START PROVIDED RECORDS

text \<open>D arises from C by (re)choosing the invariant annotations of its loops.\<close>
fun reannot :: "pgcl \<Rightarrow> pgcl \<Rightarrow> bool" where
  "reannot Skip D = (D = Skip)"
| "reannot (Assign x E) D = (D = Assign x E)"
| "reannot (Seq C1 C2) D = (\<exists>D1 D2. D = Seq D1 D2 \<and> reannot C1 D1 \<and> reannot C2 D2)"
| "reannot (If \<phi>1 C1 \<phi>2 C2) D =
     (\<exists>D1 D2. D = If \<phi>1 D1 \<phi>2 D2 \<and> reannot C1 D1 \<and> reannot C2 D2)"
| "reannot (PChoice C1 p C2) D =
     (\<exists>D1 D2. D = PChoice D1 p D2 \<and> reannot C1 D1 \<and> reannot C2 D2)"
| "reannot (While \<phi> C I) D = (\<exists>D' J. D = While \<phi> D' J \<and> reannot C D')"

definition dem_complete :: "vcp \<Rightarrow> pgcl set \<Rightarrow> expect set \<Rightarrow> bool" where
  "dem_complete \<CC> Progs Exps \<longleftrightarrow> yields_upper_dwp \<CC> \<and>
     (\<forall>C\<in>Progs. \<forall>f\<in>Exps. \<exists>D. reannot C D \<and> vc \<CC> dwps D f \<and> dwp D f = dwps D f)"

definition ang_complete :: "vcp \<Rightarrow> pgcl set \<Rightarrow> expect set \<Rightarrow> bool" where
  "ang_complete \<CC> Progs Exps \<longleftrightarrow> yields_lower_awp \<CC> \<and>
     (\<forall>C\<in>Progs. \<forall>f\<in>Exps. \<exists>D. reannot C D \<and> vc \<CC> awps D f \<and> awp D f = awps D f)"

END PROVIDED RECORDS
START PROVIDED RECORDS

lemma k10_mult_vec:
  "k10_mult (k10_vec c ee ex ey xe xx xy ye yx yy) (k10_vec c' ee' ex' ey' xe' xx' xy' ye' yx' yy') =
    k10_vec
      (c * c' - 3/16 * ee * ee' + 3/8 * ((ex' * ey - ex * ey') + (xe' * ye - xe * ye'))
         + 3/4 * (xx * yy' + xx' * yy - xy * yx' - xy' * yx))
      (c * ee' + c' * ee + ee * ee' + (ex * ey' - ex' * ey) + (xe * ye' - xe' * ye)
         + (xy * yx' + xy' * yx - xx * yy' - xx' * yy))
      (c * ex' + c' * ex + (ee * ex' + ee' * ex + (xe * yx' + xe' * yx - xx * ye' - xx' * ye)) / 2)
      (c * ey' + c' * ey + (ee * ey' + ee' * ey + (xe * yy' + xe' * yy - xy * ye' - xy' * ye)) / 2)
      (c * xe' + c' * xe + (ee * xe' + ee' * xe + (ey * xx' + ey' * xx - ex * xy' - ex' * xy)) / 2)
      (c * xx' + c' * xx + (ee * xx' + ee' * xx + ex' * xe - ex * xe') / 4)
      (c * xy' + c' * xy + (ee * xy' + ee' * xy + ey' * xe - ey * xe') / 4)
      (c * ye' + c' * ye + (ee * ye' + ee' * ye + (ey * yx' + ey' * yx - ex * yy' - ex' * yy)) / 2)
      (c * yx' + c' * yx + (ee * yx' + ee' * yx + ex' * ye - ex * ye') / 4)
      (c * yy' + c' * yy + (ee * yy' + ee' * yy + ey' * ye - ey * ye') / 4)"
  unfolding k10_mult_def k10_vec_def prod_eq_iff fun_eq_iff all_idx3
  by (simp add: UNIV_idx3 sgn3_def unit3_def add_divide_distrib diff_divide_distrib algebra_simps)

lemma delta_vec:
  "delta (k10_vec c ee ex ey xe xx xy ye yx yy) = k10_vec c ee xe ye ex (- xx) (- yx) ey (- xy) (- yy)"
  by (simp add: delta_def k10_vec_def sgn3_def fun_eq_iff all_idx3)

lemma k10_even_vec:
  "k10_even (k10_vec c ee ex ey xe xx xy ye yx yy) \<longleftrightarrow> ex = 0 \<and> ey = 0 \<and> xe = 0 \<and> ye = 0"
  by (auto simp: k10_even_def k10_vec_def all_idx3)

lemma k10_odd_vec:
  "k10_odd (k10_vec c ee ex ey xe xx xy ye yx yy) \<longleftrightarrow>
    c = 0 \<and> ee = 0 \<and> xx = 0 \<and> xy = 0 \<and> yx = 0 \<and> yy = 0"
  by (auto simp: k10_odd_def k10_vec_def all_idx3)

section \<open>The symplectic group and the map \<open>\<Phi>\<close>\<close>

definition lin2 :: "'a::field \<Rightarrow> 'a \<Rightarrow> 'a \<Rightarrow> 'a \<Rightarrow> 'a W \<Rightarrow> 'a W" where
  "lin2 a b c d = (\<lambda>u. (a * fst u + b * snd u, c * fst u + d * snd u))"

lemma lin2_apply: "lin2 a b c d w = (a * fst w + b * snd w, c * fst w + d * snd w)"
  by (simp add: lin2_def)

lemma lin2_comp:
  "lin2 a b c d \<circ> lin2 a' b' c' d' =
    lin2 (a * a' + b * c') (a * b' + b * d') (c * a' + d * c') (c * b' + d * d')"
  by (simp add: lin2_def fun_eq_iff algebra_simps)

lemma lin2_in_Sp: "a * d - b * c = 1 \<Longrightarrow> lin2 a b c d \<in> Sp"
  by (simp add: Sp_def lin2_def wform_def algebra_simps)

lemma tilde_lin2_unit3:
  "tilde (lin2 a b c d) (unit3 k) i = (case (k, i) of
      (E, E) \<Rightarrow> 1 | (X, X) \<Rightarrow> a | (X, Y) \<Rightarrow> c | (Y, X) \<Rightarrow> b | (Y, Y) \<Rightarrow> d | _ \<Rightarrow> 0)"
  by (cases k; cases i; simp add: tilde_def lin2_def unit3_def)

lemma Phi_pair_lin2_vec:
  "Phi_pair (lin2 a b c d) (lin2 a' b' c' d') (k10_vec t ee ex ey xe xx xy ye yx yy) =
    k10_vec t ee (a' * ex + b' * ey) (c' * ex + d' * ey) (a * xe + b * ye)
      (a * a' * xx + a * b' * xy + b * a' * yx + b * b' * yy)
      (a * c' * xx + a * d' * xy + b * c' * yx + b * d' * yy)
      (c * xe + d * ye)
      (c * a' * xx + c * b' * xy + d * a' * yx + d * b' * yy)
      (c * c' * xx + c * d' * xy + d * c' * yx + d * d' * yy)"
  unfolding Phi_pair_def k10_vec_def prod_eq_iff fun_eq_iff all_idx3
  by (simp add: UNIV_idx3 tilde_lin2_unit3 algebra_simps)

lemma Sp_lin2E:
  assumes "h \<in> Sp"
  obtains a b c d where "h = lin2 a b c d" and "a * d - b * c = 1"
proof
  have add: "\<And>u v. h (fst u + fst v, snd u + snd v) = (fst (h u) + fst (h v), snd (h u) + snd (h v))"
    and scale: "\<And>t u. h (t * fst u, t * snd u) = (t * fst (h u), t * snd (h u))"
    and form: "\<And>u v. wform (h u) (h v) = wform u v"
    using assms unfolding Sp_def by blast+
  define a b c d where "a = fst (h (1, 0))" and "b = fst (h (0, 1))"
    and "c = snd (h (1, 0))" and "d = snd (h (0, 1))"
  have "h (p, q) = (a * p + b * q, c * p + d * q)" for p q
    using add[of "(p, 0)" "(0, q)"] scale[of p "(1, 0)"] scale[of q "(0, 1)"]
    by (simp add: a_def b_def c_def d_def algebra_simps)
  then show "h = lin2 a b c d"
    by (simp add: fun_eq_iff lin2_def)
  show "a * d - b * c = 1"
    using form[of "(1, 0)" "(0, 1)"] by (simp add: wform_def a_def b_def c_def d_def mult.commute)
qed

END PROVIDED RECORDS

TASK TO COMPLETE: From the records above, transcribe exactly the run of lines that opens with the line holding "by (auto simp: k10_odd_def" and closes with the line holding "W \<Rightarrow> 'a", both included.

PROBLEM SOLUTION:
  by (auto simp: k10_odd_def k10_vec_def all_idx3)

section \<open>The symplectic group and the map \<open>\<Phi>\<close>\<close>

definition lin2 :: "'a::field \<Rightarrow> 'a \<Rightarrow> 'a \<Rightarrow> 'a \<Rightarrow> 'a W \<Rightarrow> 'a W" where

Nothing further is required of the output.